Speaker indexing referred in literature as speaker diarization is an important task in audio indexing and retrieval. Speaker indexing includes two important and usually separate stages, namely speaker segmentation and speaker clustering. Speaker indexing can be divided into online and offline categories. This paper mainly focuses on domain independent online speaker indexing. For this purpose, the proposed framework should be parameter free and no application specific parameters such as utterance duration or threshold settings are required. To reduce dependency on parameters, the traditional speaker segmentation is reformed to a voting based homogeneous speech segmentation, in which several approaches are applied in parallel to decide on the existence of a change point. In online indexing, data insufficiency is encountered at each time slice. In the proposed framework, a set of reference speaker models are used as side information to facilitate online tracking. To improve the indexing accuracy, adaptation approaches in eigen-voice decomposition space are proposed in this paper. To enhance the tracking performance from the computational cost point of view, an index structure of the reference models is proposed to speed up the search in the model space.
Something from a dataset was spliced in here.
(* Let $n,d\ge1$ and $\epsilon_i>0$. Consider datasets of voter $i$ of the form $D_i=\{\langle X_1,Z_1\rangle,\dots,\langle X_n,Z_n\rangle\}$ with $X_j,Z_j\in\mathbb{R}^d$, $\|X_j\|_2\le 1/2$, $\|Z_j\|_2\le 1/2$, and set $V_j=X_j-Z_j$. Define the approximate objective $$\hat f_{D_i}(\boldsymbol\beta)=\sum_{j=1}^n\sum_{k=0}^{2}\frac{f_1^{(k)}(0)}{k!}(\boldsymbol\beta^\top V_j)^k=\sum_{j=1}^n\Big(\ln\tfrac12+\sqrt{2/\pi}\,\boldsymbol\beta^\top V_j-\tfrac1\pi(\boldsymbol\beta^\top V_j)^2\Big),$$ where $f_1(z)=\ln\Phi(z)$ and $\Phi$ is the standard normal CDF. Write $\hat f_{D_i}(\boldsymbol\beta)=\sum_{w=0}^{2}\sum_{\phi\in\Psi_w}\big(\sum_{j=1}^n\lambda_{\phi,V_j}\big)\phi(\boldsymbol\beta)$, where $\Psi_w$ is the set of monomials $\beta[1]^{c_1}\cdots\beta[d]^{c_d}$ with $c_1+\dots+c_d=w$ and $\lambda_{\phi,V_j}$ is the coefficient of $\phi$ in the $j$-th summand. Let $\Delta_{\mathrm{upper}}=2\sqrt{2d/\pi}+2d/\pi$. Consider the randomized algorithm (Algorithm 3) which, for each $w\in\{0,1,2\}$ and each $\phi\in\Psi_w$, computes $\lambda_\phi=\sum_{j=1}^n\lambda_{\phi,V_j}+\eta_\phi$ with the $\eta_\phi$ independent zero-mean Laplace variables of scale $\Delta_{\mathrm{upper}}/\epsilon_i$, forms $f^*_{D_i}(\boldsymbol\beta)=\sum_{w=0}^2\sum_{\phi\in\Psi_w}\lambda_\phi\,\phi(\boldsymbol\beta)$, and outputs $\boldsymbol\beta_i^*\in\operatorname*{argmax}_{\boldsymbol\beta}f^*_{D_i}(\boldsymbol\beta)$ (computed from the noisy coefficients alone). Then this algorithm satisfies $\epsilon_i$-differential privacy in the record-level distributed sense (RLDP): for any two such datasets $D_i,D_i'$ of $n$ records differing in exactly one record and any measurable set $\mathcal{Y}$ of outputs, $\Pr[\boldsymbol\beta_i^*(D_i)\in\mathcal{Y}]\le e^{\epsilon_i}\Pr[\boldsymbol\beta_i^*(D_i')\in\mathcal{Y}]$.
   Context: The Laplace distribution with scale $\lambda$ has density $\frac{1}{2\lambda}e^{-|x|/\lambda}$. $\beta[k]$ denotes the $k$-th coordinate of $\boldsymbol\beta\in\mathbb{R}^d$. *)

theory Defs
  imports "HOL-Probability.Probability"
begin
The proposed framework is evaluated on the 2002 Rich Transcription Broadcast News and Conversational Telephone Speech Corpus (in Garofolo, NIST Rich Transcription, 2002) as well as a synthetic dataset. The indexing error of the proposed framework on telephone conversations, broadcast news and synthetic dataset are 7.51 %, 6.36 % and 9.34 %, respectively. Also, using the index tree structure approach, the tracking run time of the proposed framework is improved by 32 %.